[Brief]:
The data below is to be output in full, unchanged.

.....

(* Let $(\mathcal M,[g],\nabla)$ be a three-dimensional Weyl structure with $[g]$ of Euclidean (positive definite) signature, with non-closed Weyl 1-form $\nu$ (i.e. ${\rm d}\nu\neq 0$), which is Einstein-Weyl and has reduced holonomy. Then the Weyl structure is flat.
   Context: A Weyl structure on a real $n$-manifold $\mathcal M$ consists of a conformal class $[g]$ of metrics of signature $(p,q)$ and a torsion-free connection $\nabla$ such that for each representative $g\in[g]$ there is a 1-form $\nu$ with $\nabla g=-2\nu\otimes g$; under $g\to e^{2\phi}g$ one has $\nu\to\nu-{\rm d}\phi$, so ${\rm d}\nu$ is independent of the representative. The structure is equivalently a torsion-free connection on the $CO(p,q)$-bundle of conformal frames, where $CO(p,q)=\mathbb R_+\times O(p,q)$ with Lie algebra $\mathfrak{co}(p,q)=\mathbb R\oplus\mathfrak{o}(p,q)$. In an orthonormal coframe $(\theta^i)$ of a representative $g=g_{ij}\theta^i\theta^j$ ($g_{ij}$ constant), the connection 1-forms $\Gamma^i{}_j$ are determined by ${\rm d}\theta^i+\Gamma^i{}_j\wedge\theta^j=0$ and $\Gamma_{(ij)}=g_{ij}\nu$ with $\Gamma_{ij}=g_{ik}\Gamma^k{}_j$. The structure has reduced holonomy if its (local) holonomy group is a proper subgroup of $CO(p,q)$, i.e. locally the connection can be reduced so that $(\Gamma^i{}_j)$ takes values in a proper subalgebra of $\mathfrak{co}(p,q)$. The curvature is $\Omega^i{}_j={\rm d}\Gamma^i{}_j+\Gamma^i{}_k\wedge\Gamma^k{}_j=\tfrac12\Omega^i{}_{jkl}\theta^k\wedge\theta^l$, the Ricci tensor ${\rm Ric}_{ij}=\Omega^k{}_{ikj}$, the Ricci scalar $R={\rm Ric}_{ij}g^{ij}$. The structure is Einstein-Weyl if ${\rm Ric}_{(ij)}-\tfrac1n R\,g_{ij}=0$, and flat if $\Omega=0$. *)

theory Defs
  imports "HOL-Analysis.Analysis"
begin

text \<open>Local model: a Weyl structure on an open set U of R^3 (coordinates x^a, a :: 3).
  The conformal class is given by a representative g = sum_i theta^i theta^i, where the
  orthonormal coframe is theta^i = sum_a e x $ i $ a dx^a (Euclidean signature, g_ij = delta_ij).
  The Weyl 1-form is nu = sum_a nu x $ a dx^a; connection 1-forms
  Gamma^i_j = sum_a Gamma x a $ i $ j dx^a.\<close>

definition kd :: "3 \<Rightarrow> 3 \<Rightarrow> real" where
  "kd i j = (if i = j then 1 else 0)"

definition pd :: "3 \<Rightarrow> (real^3 \<Rightarrow> real) \<Rightarrow> real^3 \<Rightarrow> real" where
  "pd a f x = frechet_derivative f (at x) (axis a 1)"

fun ipd :: "3 list \<Rightarrow> (real^3 \<Rightarrow> real) \<Rightarrow> real^3 \<Rightarrow> real" where
  "ipd [] f = f"
| "ipd (a # ds) f = pd a (ipd ds f)"

definition smooth_on :: "(real^3) set \<Rightarrow> (real^3 \<Rightarrow> real) \<Rightarrow> bool" where
  "smooth_on U f \<longleftrightarrow> (\<forall>ds. ipd ds f differentiable_on U)"

text \<open>co(3) = R + o(3) and CO(3) = R_+ x O(3) as matrices.\<close>
definition co3 :: "(real^3^3) set" where
  "co3 = {M. \<exists>c. \<forall>i j. M $ i $ j + M $ j $ i = 2 * c * kd i j}"

definition CO3 :: "(real^3^3) set" where
  "CO3 = {M. \<exists>l>0. \<exists>R. orthogonal_matrix R \<and> M = l *\<^sub>R R}"

definition lie_subalgebra :: "(real^3^3) set \<Rightarrow> bool" where
  "lie_subalgebra h \<longleftrightarrow> subspace h \<and> (\<forall>X\<in>h. \<forall>Y\<in>h. X ** Y - Y ** X \<in> h)"

text \<open>Torsion-free Weyl connection forms: d theta^i + Gamma^i_j /\ theta^j = 0 and
  Gamma_(ij) = g_ij nu.\<close>
definition weyl_connection ::
  "(real^3) set \<Rightarrow> (real^3 \<Rightarrow> real^3^3) \<Rightarrow> (real^3 \<Rightarrow> real^3) \<Rightarrow> (real^3 \<Rightarrow> 3 \<Rightarrow> real^3^3) \<Rightarrow> bool" where
  "weyl_connection U e \<nu> \<Gamma> \<longleftrightarrow> (\<forall>x\<in>U.
     (\<forall>i a b. pd a (\<lambda>y. e y $ i $ b) x - pd b (\<lambda>y. e y $ i $ a) x
        + (\<Sum>j\<in>UNIV. \<Gamma> x a $ i $ j * e x $ j $ b - \<Gamma> x b $ i $ j * e x $ j $ a) = 0) \<and>
     (\<forall>a i j. (\<Gamma> x a $ i $ j + \<Gamma> x a $ j $ i) / 2 = kd i j * \<nu> x $ a))"

text \<open>Curvature 2-form Omega^i_j = d Gamma^i_j + Gamma^i_k /\ Gamma^k_j, coordinate components
  (Omega^i_j = 1/2 sum_ab curv .. a b dx^a /\ dx^b).\<close>
definition curv :: "(real^3 \<Rightarrow> 3 \<Rightarrow> real^3^3) \<Rightarrow> real^3 \<Rightarrow> 3 \<Rightarrow> 3 \<Rightarrow> 3 \<Rightarrow> 3 \<Rightarrow> real" where
  "curv \<Gamma> x i j a b = pd a (\<lambda>y. \<Gamma> y b $ i $ j) x - pd b (\<lambda>y. \<Gamma> y a $ i $ j) x
     + (\<Sum>k\<in>UNIV. \<Gamma> x a $ i $ k * \<Gamma> x b $ k $ j - \<Gamma> x b $ i $ k * \<Gamma> x a $ k $ j)"

text \<open>Frame components Omega^i_{jkl} (dx^a = sum_k (e^{-1}) $ a $ k theta^k).\<close>
definition curvF :: "(real^3 \<Rightarrow> real^3^3) \<Rightarrow> (real^3 \<Rightarrow> 3 \<Rightarrow> real^3^3) \<Rightarrow> real^3 \<Rightarrow> 3 \<Rightarrow> 3 \<Rightarrow> 3 \<Rightarrow> 3 \<Rightarrow> real" where
  "curvF e \<Gamma> x i j k l = (\<Sum>a\<in>UNIV. \<Sum>b\<in>UNIV.
      curv \<Gamma> x i j a b * matrix_inv (e x) $ a $ k * matrix_inv (e x) $ b $ l)"

definition ricci :: "(real^3 \<Rightarrow> real^3^3) \<Rightarrow> (real^3 \<Rightarrow> 3 \<Rightarrow> real^3^3) \<Rightarrow> real^3 \<Rightarrow> 3 \<Rightarrow> 3 \<Rightarrow> real" where
  "ricci e \<Gamma> x i j = (\<Sum>k\<in>UNIV. curvF e \<Gamma> x k i k j)"

definition scal :: "(real^3 \<Rightarrow> real^3^3) \<Rightarrow> (real^3 \<Rightarrow> 3 \<Rightarrow> real^3^3) \<Rightarrow> real^3 \<Rightarrow> real" where
  "scal e \<Gamma> x = (\<Sum>i\<in>UNIV. ricci e \<Gamma> x i i)"

definition einstein_weyl :: "(real^3) set \<Rightarrow> (real^3 \<Rightarrow> real^3^3) \<Rightarrow> (real^3 \<Rightarrow> 3 \<Rightarrow> real^3^3) \<Rightarrow> bool" where
  "einstein_weyl U e \<Gamma> \<longleftrightarrow> (\<forall>x\<in>U. \<forall>i j.
     (ricci e \<Gamma> x i j + ricci e \<Gamma> x j i) / 2 - scal e \<Gamma> x / 3 * kd i j = 0)"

.....

[Output below]:
(* Let $(\mathcal M,[g],\nabla)$ be a three-dimensional Weyl structure with $[g]$ of Euclidean (positive definite) signature, with non-closed Weyl 1-form $\nu$ (i.e. ${\rm d}\nu\neq 0$), which is Einstein-Weyl and has reduced holonomy. Then the Weyl structure is flat.
   Context: A Weyl structure on a real $n$-manifold $\mathcal M$ consists of a conformal class $[g]$ of metrics of signature $(p,q)$ and a torsion-free connection $\nabla$ such that for each representative $g\in[g]$ there is a 1-form $\nu$ with $\nabla g=-2\nu\otimes g$; under $g\to e^{2\phi}g$ one has $\nu\to\nu-{\rm d}\phi$, so ${\rm d}\nu$ is independent of the representative. The structure is equivalently a torsion-free connection on the $CO(p,q)$-bundle of conformal frames, where $CO(p,q)=\mathbb R_+\times O(p,q)$ with Lie algebra $\mathfrak{co}(p,q)=\mathbb R\oplus\mathfrak{o}(p,q)$. In an orthonormal coframe $(\theta^i)$ of a representative $g=g_{ij}\theta^i\theta^j$ ($g_{ij}$ constant), the connection 1-forms $\Gamma^i{}_j$ are determined by ${\rm d}\theta^i+\Gamma^i{}_j\wedge\theta^j=0$ and $\Gamma_{(ij)}=g_{ij}\nu$ with $\Gamma_{ij}=g_{ik}\Gamma^k{}_j$. The structure has reduced holonomy if its (local) holonomy group is a proper subgroup of $CO(p,q)$, i.e. locally the connection can be reduced so that $(\Gamma^i{}_j)$ takes values in a proper subalgebra of $\mathfrak{co}(p,q)$. The curvature is $\Omega^i{}_j={\rm d}\Gamma^i{}_j+\Gamma^i{}_k\wedge\Gamma^k{}_j=\tfrac12\Omega^i{}_{jkl}\theta^k\wedge\theta^l$, the Ricci tensor ${\rm Ric}_{ij}=\Omega^k{}_{ikj}$, the Ricci scalar $R={\rm Ric}_{ij}g^{ij}$. The structure is Einstein-Weyl if ${\rm Ric}_{(ij)}-\tfrac1n R\,g_{ij}=0$, and flat if $\Omega=0$. *)

theory Defs
  imports "HOL-Analysis.Analysis"
begin

text \<open>Local model: a Weyl structure on an open set U of R^3 (coordinates x^a, a :: 3).
  The conformal class is given by a representative g = sum_i theta^i theta^i, where the
  orthonormal coframe is theta^i = sum_a e x $ i $ a dx^a (Euclidean signature, g_ij = delta_ij).
  The Weyl 1-form is nu = sum_a nu x $ a dx^a; connection 1-forms
  Gamma^i_j = sum_a Gamma x a $ i $ j dx^a.\<close>

definition kd :: "3 \<Rightarrow> 3 \<Rightarrow> real" where
  "kd i j = (if i = j then 1 else 0)"

definition pd :: "3 \<Rightarrow> (real^3 \<Rightarrow> real) \<Rightarrow> real^3 \<Rightarrow> real" where
  "pd a f x = frechet_derivative f (at x) (axis a 1)"

fun ipd :: "3 list \<Rightarrow> (real^3 \<Rightarrow> real) \<Rightarrow> real^3 \<Rightarrow> real" where
  "ipd [] f = f"
| "ipd (a # ds) f = pd a (ipd ds f)"

definition smooth_on :: "(real^3) set \<Rightarrow> (real^3 \<Rightarrow> real) \<Rightarrow> bool" where
  "smooth_on U f \<longleftrightarrow> (\<forall>ds. ipd ds f differentiable_on U)"

text \<open>co(3) = R + o(3) and CO(3) = R_+ x O(3) as matrices.\<close>
definition co3 :: "(real^3^3) set" where
  "co3 = {M. \<exists>c. \<forall>i j. M $ i $ j + M $ j $ i = 2 * c * kd i j}"

definition CO3 :: "(real^3^3) set" where
  "CO3 = {M. \<exists>l>0. \<exists>R. orthogonal_matrix R \<and> M = l *\<^sub>R R}"

definition lie_subalgebra :: "(real^3^3) set \<Rightarrow> bool" where
  "lie_subalgebra h \<longleftrightarrow> subspace h \<and> (\<forall>X\<in>h. \<forall>Y\<in>h. X ** Y - Y ** X \<in> h)"

text \<open>Torsion-free Weyl connection forms: d theta^i + Gamma^i_j /\ theta^j = 0 and
  Gamma_(ij) = g_ij nu.\<close>
definition weyl_connection ::
  "(real^3) set \<Rightarrow> (real^3 \<Rightarrow> real^3^3) \<Rightarrow> (real^3 \<Rightarrow> real^3) \<Rightarrow> (real^3 \<Rightarrow> 3 \<Rightarrow> real^3^3) \<Rightarrow> bool" where
  "weyl_connection U e \<nu> \<Gamma> \<longleftrightarrow> (\<forall>x\<in>U.
     (\<forall>i a b. pd a (\<lambda>y. e y $ i $ b) x - pd b (\<lambda>y. e y $ i $ a) x
        + (\<Sum>j\<in>UNIV. \<Gamma> x a $ i $ j * e x $ j $ b - \<Gamma> x b $ i $ j * e x $ j $ a) = 0) \<and>
     (\<forall>a i j. (\<Gamma> x a $ i $ j + \<Gamma> x a $ j $ i) / 2 = kd i j * \<nu> x $ a))"

text \<open>Curvature 2-form Omega^i_j = d Gamma^i_j + Gamma^i_k /\ Gamma^k_j, coordinate components
  (Omega^i_j = 1/2 sum_ab curv .. a b dx^a /\ dx^b).\<close>
definition curv :: "(real^3 \<Rightarrow> 3 \<Rightarrow> real^3^3) \<Rightarrow> real^3 \<Rightarrow> 3 \<Rightarrow> 3 \<Rightarrow> 3 \<Rightarrow> 3 \<Rightarrow> real" where
  "curv \<Gamma> x i j a b = pd a (\<lambda>y. \<Gamma> y b $ i $ j) x - pd b (\<lambda>y. \<Gamma> y a $ i $ j) x
     + (\<Sum>k\<in>UNIV. \<Gamma> x a $ i $ k * \<Gamma> x b $ k $ j - \<Gamma> x b $ i $ k * \<Gamma> x a $ k $ j)"

text \<open>Frame components Omega^i_{jkl} (dx^a = sum_k (e^{-1}) $ a $ k theta^k).\<close>
definition curvF :: "(real^3 \<Rightarrow> real^3^3) \<Rightarrow> (real^3 \<Rightarrow> 3 \<Rightarrow> real^3^3) \<Rightarrow> real^3 \<Rightarrow> 3 \<Rightarrow> 3 \<Rightarrow> 3 \<Rightarrow> 3 \<Rightarrow> real" where
  "curvF e \<Gamma> x i j k l = (\<Sum>a\<in>UNIV. \<Sum>b\<in>UNIV.
      curv \<Gamma> x i j a b * matrix_inv (e x) $ a $ k * matrix_inv (e x) $ b $ l)"

definition ricci :: "(real^3 \<Rightarrow> real^3^3) \<Rightarrow> (real^3 \<Rightarrow> 3 \<Rightarrow> real^3^3) \<Rightarrow> real^3 \<Rightarrow> 3 \<Rightarrow> 3 \<Rightarrow> real" where
  "ricci e \<Gamma> x i j = (\<Sum>k\<in>UNIV. curvF e \<Gamma> x k i k j)"

definition scal :: "(real^3 \<Rightarrow> real^3^3) \<Rightarrow> (real^3 \<Rightarrow> 3 \<Rightarrow> real^3^3) \<Rightarrow> real^3 \<Rightarrow> real" where
  "scal e \<Gamma> x = (\<Sum>i\<in>UNIV. ricci e \<Gamma> x i i)"

definition einstein_weyl :: "(real^3) set \<Rightarrow> (real^3 \<Rightarrow> real^3^3) \<Rightarrow> (real^3 \<Rightarrow> 3 \<Rightarrow> real^3^3) \<Rightarrow> bool" where
  "einstein_weyl U e \<Gamma> \<longleftrightarrow> (\<forall>x\<in>U. \<forall>i j.
     (ricci e \<Gamma> x i j + ricci e \<Gamma> x j i) / 2 - scal e \<Gamma> x / 3 * kd i j = 0)"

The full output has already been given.